莉乃は寝台から下りると美琴の傍まで歩いた。
「解いてあげる」
こう言いながら莉乃の指先が縄に触れた途端、戒めは消え、美琴の身体は自由になった。
「ありがとう……。でも、あの……どうして?」
「あなたを助けたこと?」
美琴は頷いた。
「復讐の手助けなどしたくないから。私はもうあの子の味方でいてやれない。あの子は……トウヤはもう人の心を失っている。あなたも感じたでしょ? こうなる前に、もっと早くトウヤの復讐をやめさせなければいけなかったのに。私は気付けなかった、トウヤと妖魔が共謀し、術で私の影を動かした亡霊騒ぎも。この朱色の痣の力で目覚めてからも意識が混濁としている日々が長くて。こうして起き上がって少し身体を動かせるようになったのも最近のことよ。でもこの姿を保つには限度がある。これ以上はもう……」
莉乃の身体に変化が起きた。
銀色の淡い光が莉乃の身体全体を包み込むように覆った。すると徐々に莉乃の姿は見えなくなり、やがて小さな光だけが美琴の目の前で浮いていた。
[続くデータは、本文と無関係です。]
(* Let $I=(i_1,\ldots,i_r)$ be a composition of $n$ and $V'_I=V_{\overline{I}^{\sim}}$. Then $$V'_I=\sum_{k=i_r}^{n}(-1)^{k-i_r}\binom{k-1}{i_r-1}\,V'_{I[n-k]}\,V'_{(k)}.$$
   Context: Permutations are words. A word $a_1\cdots a_m$ is initially dominated if $a_1>a_j$ for all $j\ge2$; every permutation factors uniquely as $\sigma=u_1\cdots u_r$ into initially dominated words with increasing first letters, and $\mathrm{SC}(\sigma)=(|u_1|,\ldots,|u_r|)$. For a composition $I$ of $n$ with descent set $\mathrm{Des}(I)=\{i_1,\ldots,i_1+\cdots+i_{r-1}\}$, $\overline{I}^{\sim}$ is the composition of $n$ with descent set $\{1,\ldots,n-1\}\setminus\mathrm{Des}(I)$. $\mathrm{RC}(\sigma)$ is the composition with descent set $\{i: i+1\text{ is left of } i\text{ in }\sigma\}$. In $QSym$ (fundamental basis $F_I$) let $U_J=\sum_{\mathrm{SC}(\sigma)=\overline{J}^{\sim}}F_{\mathrm{RC}(\sigma)}$, a basis. $\mathbf{Sym}$ is the algebra of noncommutative symmetric functions with ribbon basis $R_I$, dual to $QSym$ via $\langle F_I,R_J\rangle=\delta_{IJ}$; $(V_I)$ is the basis dual to $(U_I)$. For $0\le m\le n$, $I[m]$ is the composition of $m$ whose ribbon diagram consists of the first $m$ boxes of that of $I$ ($I[0]$ empty, with $V'_{\emptyset}=1$). *)

theory Defs
  imports Complex_Main
begin

type_synonym comp = "nat list"

definition is_comp :: "comp \<Rightarrow> bool" where
  "is_comp I \<longleftrightarrow> 0 \<notin> set I"

definition comps :: "nat \<Rightarrow> comp set" where
  "comps n = {I. is_comp I \<and> sum_list I = n}"

definition des_set :: "comp \<Rightarrow> nat set" where
  "des_set I = {sum_list (take k I) | k. 0 < k \<and> k < length I}"

definition comp_of_des :: "nat \<Rightarrow> nat set \<Rightarrow> comp" where
  "comp_of_des n D = (THE I. I \<in> comps n \<and> des_set I = D)"

definition conjc :: "comp \<Rightarrow> comp" where
  "conjc I = comp_of_des (sum_list I) ({1..<sum_list I} - des_set I)"

definition perms :: "nat \<Rightarrow> nat list set" where
  "perms n = {s. distinct s \<and> set s = {1..n}}"

definition init_dom :: "nat list \<Rightarrow> bool" where
  "init_dom u \<longleftrightarrow> u \<noteq> [] \<and> (\<forall>j. 0 < j \<and> j < length u \<longrightarrow> u ! j < u ! 0)"

definition SC :: "nat list \<Rightarrow> comp" where
  "SC s = map length (THE us. concat us = s \<and> (\<forall>u\<in>set us. init_dom u)
                               \<and> sorted_wrt (\<lambda>u v. hd u < hd v) us)"

definition left_of :: "nat \<Rightarrow> nat \<Rightarrow> nat list \<Rightarrow> bool" where
  "left_of x y s \<longleftrightarrow> (\<exists>p q. p < q \<and> q < length s \<and> s ! p = x \<and> s ! q = y)"

definition RC :: "nat list \<Rightarrow> comp" where
  "RC s = comp_of_des (length s) {i. 1 \<le> i \<and> i < length s \<and> left_of (i + 1) i s}"

text \<open>Elements of QSym (coefficients in the fundamental basis F) and of Sym
  (coefficients in the ribbon basis R) are coefficient functions comp => rat.\<close>
type_synonym sym = "comp \<Rightarrow> rat"

text \<open>Coefficient of F_K in U_J.\<close>
definition Ucoeff :: "comp \<Rightarrow> comp \<Rightarrow> rat" where
  "Ucoeff J K = of_nat (card {s \<in> perms (sum_list J). SC s = conjc J \<and> RC s = K})"

text \<open>V_I: the element of Sym_n dual to U, i.e. <U_J, V_I> = delta_{JI}
  (pairing <F_K, R_L> = delta_{KL}).\<close>
definition V :: "comp \<Rightarrow> sym" where
  "V I = (THE x. (\<forall>K. K \<notin> comps (sum_list I) \<longrightarrow> x K = 0) \<and>
            (\<forall>J \<in> comps (sum_list I).
               (\<Sum>K \<in> comps (sum_list I). Ucoeff J K * x K) = (if J = I then 1 else 0)))"

definition R :: "comp \<Rightarrow> sym" where
  "R I = (\<lambda>K. if K = I then 1 else 0)"

definition Vp :: "comp \<Rightarrow> sym" where
  "Vp I = (if I = [] then R [] else V (conjc I))"

text \<open>Product of ribbons: R_I R_J = R_{I.J} + R_{I|>J}, R_[] = 1.\<close>
definition near_concat :: "comp \<Rightarrow> comp \<Rightarrow> comp" where
  "near_concat I J = butlast I @ [last I + hd J] @ tl J"

definition rmult :: "comp \<Rightarrow> comp \<Rightarrow> sym" where
  "rmult I J = (if I = [] then R J else if J = [] then R I
                else (\<lambda>K. R (I @ J) K + R (near_concat I J) K))"

definition symmult :: "sym \<Rightarrow> sym \<Rightarrow> sym" where
  "symmult a b = (\<lambda>K. \<Sum>(I, J) \<in> {(I, J). is_comp I \<and> is_comp J \<and> sum_list I + sum_list J = sum_list K}.
                        a I * b J * rmult I J K)"

text \<open>I[m]: composition of m formed by the first m boxes of the ribbon of I.\<close>
fun ribbon_prefix :: "nat \<Rightarrow> comp \<Rightarrow> comp" where
  "ribbon_prefix 0 I = []"
| "ribbon_prefix (Suc m) [] = []"
| "ribbon_prefix (Suc m) (i # I) =
     (if Suc m \<le> i then [Suc m] else i # ribbon_prefix (Suc m - i) I)"

end

(*
  Pairing with the basis U turns the identity into a computation of scalar products: V'_I is the
  element of degree n with <U_J, V'_I> = [J = conjc I], and V'_(k) = R_(1^k).  Write
  conjc J = C'.(m).  The coefficient of F_K in U_J counts the permutations with SC = C'.(m) and
  RC = K, and multiplying by R_(1^k) keeps exactly the permutations in which the k largest letters
  appear in decreasing order.  Such a permutation consists of the first n-m letters of a
  permutation rho of {1..n-k}, then n, then a shuffle of the remaining letters of rho with
  n-1, ..., n-k+1.  Hence, for every composition A of n-k,
    <U_J, V'_A R_(1^k)> = binom(m-1, k-1) [A and C' have the same descents below n-m].
  With A = I[n-k], the right-hand side therefore pairs with U_J to the sum over k of
  (-1)^(k-i_r) binom(k-1, i_r-1) binom(m-1, k-1), which is [m = i_r] by binomial inversion;
  together with the condition on descents this says J = conjc I.  The argument is an induction on
  n: at each step the right-hand sides give a dual vector for every J, so the matrix of U is
  invertible and V is well defined.
*)

theory Submission
  imports Defs "Jordan_Normal_Form.Determinant"
begin

lemma is_comp_Nil [simp]: "is_comp []"
  by (simp add: is_comp_def)

lemma is_comp_Cons [simp]: "is_comp (a # L) \<longleftrightarrow> 0 < a \<and> is_comp L"
  by (auto simp: is_comp_def)

lemma is_comp_append [simp]: "is_comp (A @ B) \<longleftrightarrow> is_comp A \<and> is_comp B"
  by (auto simp: is_comp_def)

lemma replicate_1_in_comps: "replicate k 1 \<in> comps k"
  by (auto simp: comps_def is_comp_def sum_list_replicate)

lemma sum_list_comp_pos: "is_comp L \<Longrightarrow> L \<noteq> [] \<Longrightarrow> 0 < sum_list L"
  by (cases L) auto

lemma comp_eq_Nil_iff: "is_comp L \<Longrightarrow> L = [] \<longleftrightarrow> sum_list L = 0"
  by (cases L) auto

lemma comps_0 [simp]: "comps 0 = {[]}"
  using comp_eq_Nil_iff by (auto simp: comps_def)

lemma comps_Nil_iff: "I \<in> comps n \<Longrightarrow> I = [] \<longleftrightarrow> n = 0"
  using comp_eq_Nil_iff by (auto simp: comps_def)

lemma finite_comps: "finite (comps n)"
proof -
  have "length I \<le> sum_list I" if "is_comp I" for I
    using that by (induction I) auto
  then have "comps n \<subseteq> {xs. set xs \<subseteq> {0..n} \<and> length xs \<le> n}"
    by (fastforce simp: comps_def dest: member_le_sum_list)
  then show ?thesis
    using finite_lists_length_le[of "{0..n}" n] finite_subset by blast
qed

lemma des_set_Nil [simp]: "des_set [] = {}"
  by (auto simp: des_set_def)

lemma des_set_singleton [simp]: "des_set [a] = {}"
  by (auto simp: des_set_def)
「私の肉体はほとんど朽ちかけていた。霊獣から与えられた霊力で保っていただけ。───でもそれももう終わりにした。私は今、私の意思で御魂だけとなった。……私はトウヤが望んでいるように蘇りたいとは思わないの」
莉乃の御魂は柔らかな光を放ちながら優しい声で美琴に言った。
「美琴さん、あなたにお願いがあるの。私も一緒に外へ連れ出してほしい。あなたが望む場所には、あなたの愛しい者がいる。でもトウヤもきっとそこへ向かってるはずだから。私は残っている最後の力でトウヤの復讐を止めたいの」
莉乃の言葉に美琴は頷いた。
「でもどうやってここから出られるの?」
「出口はこっちよ」
美琴は暗がりの中を進んでいく御魂の後を追った。
やがて目の前にぼんやりと扉が見え、そっと開けると冷たい夜風が頬を撫でた。
ここはどこだろう。
先程までいた屋敷は雑木林の中にあった。
周りに民家は一軒もない。御魂の灯りだけが足元を照らす以外は真っ暗で、風が木々の葉を揺らす音だけが聞こえる。
ここは沙英の街のどの辺りなのだろう。
どちらへ進んだらいいのか方角さえも分からず、美琴が途方に暮れていると莉乃が言った。
「想う心と恐れのない強い気持ちが、向かうべき場所へ導くはず。あなただけに聴こえる声があったはずです。あの方の呼び声が」
(紫珱さまの声……)
「あの方とあなたと、繋がっているものがあれば。それを信じれば必ず辿り着きます。心のままに求め続け、呼び続け、探していた声を想って。次はあなたが。私の中にもあの声がまだ少し、残っています。手伝いましょう。さあ、一緒に……」
銀色の光を放ちながら、御魂が美琴の右手に降りた。
そして吸い込まれるように消えた途端、手の甲にうっすらと朱色の葩印が浮かんだ。
(紫珱さま……)
美琴は一心に紫珱のことだけを強く想った。声を、姿を、笑顔を思い浮かべながら。
───紫珱さま。
早く早く、あなたのもとへ───。
いつしか迷いは消え、美琴の足は自然と駆け出していた。
なにか強い力が美琴の背中を押しているような、引っ張ってくれているようにも感じる。
(この気配は……精霊?)
微弱だが、ラセツが纏う気配に似たものを美琴は感じていた。
通り過ぎていくのは暗闇だけだというのに。心の中に恐ろしさはなかった。
紫珱への想いが自分を強くしてくれている。そんな気がした。
「紫珱さま……」
これは私だけが伝えられる声だ。
大切な言霊だ。
「……紫珱さま」
あのとき、闇に攫われる間際。紫珱に対して疑いや嫉妬心から気持ちに溝を作ってしまったような気がして悔やまれる。
もっと大切な想いがいくつも芽生えていたのに。
(私は紫珱さまと言霊を繋ぎたい)
この声に、想いに触れてほしい。
そしてたくさんの気持ちを伝えたい。
なんの役にもまだ立ててない、頼りない私だけど。
こんな私にもできると信じたい。
紫珱さまのために。
どうか言霊よ届いて。……伝わって。
私は必ずあなたのもとへ。
今度は私が紫珱さまを見つける。
だからどうか間に合って。………無事でいて!
駆けていた足がどんどん軽くなり、美琴は自分が風と同化しているような感覚を覚えた。
そしてなにも恐れず、迷うことなく、その想いが向かう先へ身を委ねた。